___ RECORDS SHOWN ___

lemma smooth_mult:
  assumes "smooth F" "smooth G"
  shows "smooth (\<lambda>x. F x * G x)"
  unfolding smooth_def
proof (intro allI)
  fix "is" x
  obtain L where "iter_partial (\<lambda>x. F x * G x) is
       = (\<lambda>x. \<Sum>p\<leftarrow>L. iter_partial F (fst p) x * iter_partial G (snd p) x)"
    using iter_partial_mult_Leibniz[OF assms] by blast
  then show "iter_partial (\<lambda>x. F x * G x) is differentiable (at x)"
    using assms unfolding smooth_def by (simp add: differentiable_sum_list_mult)
qed

lemma Cc_inf_mult_real_polynomial_function:
  fixes f :: "real^'n \<Rightarrow> real"
  assumes "f \<in> Cc_inf" "real_polynomial_function R"
  shows "(\<lambda>x. f x * R x) \<in> Cc_inf"
proof -
  have "closure {x. f x * R x \<noteq> 0} \<subseteq> closure {x. f x \<noteq> 0}"
    by (rule closure_mono) auto
  moreover have "compact (closure {x. f x \<noteq> 0} \<inter> closure {x. f x * R x \<noteq> 0})"
    using assms(1) unfolding Cc_inf_def by (simp add: compact_Int_closed)
  ultimately have "compact (closure {x. f x * R x \<noteq> 0})"
    by (simp add: inf.absorb2)
  with assms show ?thesis
    by (simp add: Cc_inf_def smooth_mult smooth_real_polynomial_function)
qed

lemma times_bcontfun:
  fixes f g :: "'a::topological_space \<Rightarrow> 'b::real_normed_algebra"
  assumes "f \<in> bcontfun" "g \<in> bcontfun"
  shows "(\<lambda>x. f x * g x) \<in> bcontfun"
proof -
  have "continuous_on UNIV (\<lambda>x. f x * g x)"
    using assms unfolding bcontfun_def by (auto intro: continuous_intros)
  moreover obtain B C where "\<And>x. norm (f x) \<le> B" "\<And>x. norm (g x) \<le> C"
    using assms unfolding bcontfun_def bounded_iff by blast
  then have "norm (f x * g x) \<le> B * C" for x
    by (meson norm_ge_zero norm_mult_ineq order_trans mult_mono)
  ultimately show ?thesis by (rule bcontfun_normI)
qed
lemma tspan_max:
  assumes "x \<in> tspan X" "y \<in> tspan X"
  shows "(\<lambda>i. max (x i) (y i)) \<in> tspan X"
proof -
  obtain S1 c1 where S1: "S1 \<subseteq> X" "finite S1" "S1 \<noteq> {}"
    and x: "x = (\<lambda>i. Max ((\<lambda>v. c1 v + v i) ` S1))"
    using assms(1) unfolding tspan_def by blast
  obtain S2 c2 where S2: "S2 \<subseteq> X" "finite S2" "S2 \<noteq> {}"
    and y: "y = (\<lambda>i. Max ((\<lambda>v. c2 v + v i) ` S2))"
    using assms(2) unfolding tspan_def by blast
  define c where "c v = (if v \<in> S1 \<and> v \<in> S2 then max (c1 v) (c2 v) else if v \<in> S1 then c1 v else c2 v)"
    for v
  have fin: "finite (S1 \<union> S2)" "S1 \<union> S2 \<noteq> {}" using S1 S2 by auto
  have c_ge: "v \<in> S1 \<Longrightarrow> c1 v \<le> c v" "v \<in> S2 \<Longrightarrow> c2 v \<le> c v" for v
    by (auto simp: c_def)
  have c_cases: "v \<in> S1 \<and> c v = c1 v \<or> v \<in> S2 \<and> c v = c2 v" if "v \<in> S1 \<union> S2" for v
    using that by (auto simp: c_def max_def)
  have "max (x i) (y i) = Max ((\<lambda>v. c v + v i) ` (S1 \<union> S2))" (is "_ = ?M") for i
  proof (rule order_antisym)
    have bound: "c v + v i \<le> ?M" if "v \<in> S1 \<union> S2" for v
      using fin that by simp
    have "c1 v + v i \<le> ?M" if "v \<in> S1" for v
      using c_ge(1)[OF that] bound[of v] that by simp
    then have "x i \<le> ?M"
      unfolding x using S1 by (intro Max.boundedI) auto
    have "c2 v + v i \<le> ?M" if "v \<in> S2" for v
      using c_ge(2)[OF that] bound[of v] that by simp
    then have "y i \<le> ?M"
      unfolding y using S2 by (intro Max.boundedI) auto
    with \<open>x i \<le> ?M\<close> show "max (x i) (y i) \<le> ?M" by simp
    have x_ge: "c1 v + v i \<le> x i" if "v \<in> S1" for v
      unfolding x using S1 that by simp
    have y_ge: "c2 v + v i \<le> y i" if "v \<in> S2" for v
      unfolding y using S2 that by simp
    show "?M \<le> max (x i) (y i)"
    proof (rule Max.boundedI)
      fix a assume "a \<in> (\<lambda>v. c v + v i) ` (S1 \<union> S2)"
      then obtain v where v: "v \<in> S1 \<union> S2" "a = c v + v i" by blast
      from c_cases[OF v(1)] show "a \<le> max (x i) (y i)"
        using v(2) x_ge y_ge by (auto intro: le_max_iff_disj[THEN iffD2])
    qed (use fin in auto)
  qed
  then show ?thesis
    unfolding tspan_def using S1 S2 by (intro CollectI exI[of _ "S1 \<union> S2"] exI[of _ c]) auto
qed

lemma subset_tspan: "X \<subseteq> tspan X"
proof
  fix x assume "x \<in> X"
  then show "x \<in> tspan X"
    unfolding tspan_def by (intro CollectI exI[of _ "{x}"] exI[of _ "\<lambda>_. 0"]) auto
qed

lemma Max_shifted_mem_closed:
  fixes C :: "('n \<Rightarrow> real) set"
  assumes shift: "\<And>x r. x \<in> C \<Longrightarrow> (\<lambda>i. r + x i) \<in> C"
    and max: "\<And>x y. x \<in> C \<Longrightarrow> y \<in> C \<Longrightarrow> (\<lambda>i. max (x i) (y i)) \<in> C"
    and M: "finite M" "M \<noteq> {}" "\<And>m. m \<in> M \<Longrightarrow> w m \<in> C"
  shows "(\<lambda>i. Max ((\<lambda>m. c m + w m i) ` M)) \<in> C"
  using M
proof (induction M rule: finite_ne_induct)
  case (singleton m)
  then show ?case using shift by simp
next
  case (insert m M)
  have "(\<lambda>i. c m + w m i) \<in> C" using insert.prems shift by simp
  moreover have "(\<lambda>i. Max ((\<lambda>m. c m + w m i) ` M)) \<in> C" using insert by simp
  ultimately have "(\<lambda>i. max (c m + w m i) (Max ((\<lambda>m. c m + w m i) ` M))) \<in> C" by (rule max)
  then show ?case using insert by simp
qed

lemma tspan_least:
  fixes C :: "('n::finite \<Rightarrow> real) set"
  assumes "\<And>x r. x \<in> C \<Longrightarrow> (\<lambda>i. r + x i) \<in> C"
    and "\<And>x y. x \<in> C \<Longrightarrow> y \<in> C \<Longrightarrow> (\<lambda>i. max (x i) (y i)) \<in> C"
    and "Y \<subseteq> C"
  shows "tspan Y \<subseteq> C"
proof
  fix x assume "x \<in> tspan Y"
  then obtain S c where S: "S \<subseteq> Y" "finite S" "S \<noteq> {}"
    and x: "x = (\<lambda>i. Max ((\<lambda>v. c v + v i) ` S))"
    unfolding tspan_def by blast
  have "(\<lambda>i. Max ((\<lambda>v. c v + v i) ` S)) \<in> C"
    by (rule Max_shifted_mem_closed[OF assms(1,2) S(2,3)]) (use S(1) assms(3) in auto)
  then show "x \<in> C" unfolding x .
qed

lemma full_rank_no_redundant_column:
  fixes E :: "('n::finite) tmat"
  assumes rank: "trank E = card (UNIV :: 'n set)"
    and M: "j \<notin> M" "M \<noteq> {}"
    and col_j: "\<And>i. rmat E i j = Max ((\<lambda>m. f m + rmat E i m) ` M)"
  shows False
proof -
  define col where "col k = (\<lambda>i. rmat E i k)" for k
  define X where "X = col ` (UNIV - {j})"
  have colspace: "colspace E = tspan (range col)"
    unfolding colspace_def col_def rmat_def ..
  have X_sub: "X \<subseteq> tspan X" by (rule subset_tspan)
  have "col j = (\<lambda>i. Max ((\<lambda>m. f m + col m i) ` M))"
    using col_j unfolding col_def by auto
  also have "\<dots> \<in> tspan X"
  proof (rule Max_shifted_mem_closed[OF tspan_shift tspan_max])
    show "finite M" "M \<noteq> {}" using M(2) by simp_all
    show "col m \<in> tspan X" if "m \<in> M" for m
    proof -
      have "col m \<in> X" unfolding X_def using that M(1) by auto
      with X_sub show ?thesis by (rule subsetD)
    qed
  qed
  finally have "col k \<in> tspan X" for k
    using X_sub unfolding X_def by (cases "k = j") auto
  then have "range col \<subseteq> tspan X" by blast
  then have "colspace E \<subseteq> tspan X"
    unfolding colspace by (intro tspan_least[OF tspan_shift tspan_max])
  moreover have "tspan X \<subseteq> colspace E"
    unfolding colspace X_def
    by (intro tspan_least[OF tspan_shift tspan_max] order_trans[OF image_mono subset_tspan]) auto
  ultimately have span: "tspan X = colspace E" by blast
  have "X \<subseteq> colspace E" "finite X" using X_sub span unfolding X_def by auto
  then have "trank E \<le> card X"
    unfolding trank_def by (intro Least_le exI[of _ X]) (simp add: span)
  also have "\<dots> \<le> card (UNIV - {j})" unfolding X_def by (rule card_image_le) simp
  also have "\<dots> < card (UNIV :: 'n set)" by (simp add: card_Diff_singleton card_gt_0_iff)
  finally show False using rank by simp
qed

___

### PROBLEM TO WORK ON
Out of the records above, pull each line containing the word "where".

### EXERCISE RESULT
  obtain L where "iter_partial (\<lambda>x. F x * G x) is
  moreover obtain B C where "\<And>x. norm (f x) \<le> B" "\<And>x. norm (g x) \<le> C"
  obtain S1 c1 where S1: "S1 \<subseteq> X" "finite S1" "S1 \<noteq> {}"
  obtain S2 c2 where S2: "S2 \<subseteq> X" "finite S2" "S2 \<noteq> {}"
  define c where "c v = (if v \<in> S1 \<and> v \<in> S2 then max (c1 v) (c2 v) else if v \<in> S1 then c1 v else c2 v)"
      then obtain v where v: "v \<in> S1 \<union> S2" "a = c v + v i" by blast
  then obtain S c where S: "S \<subseteq> Y" "finite S" "S \<noteq> {}"
  define col where "col k = (\<lambda>i. rmat E i k)" for k
  define X where "X = col ` (UNIV - {j})"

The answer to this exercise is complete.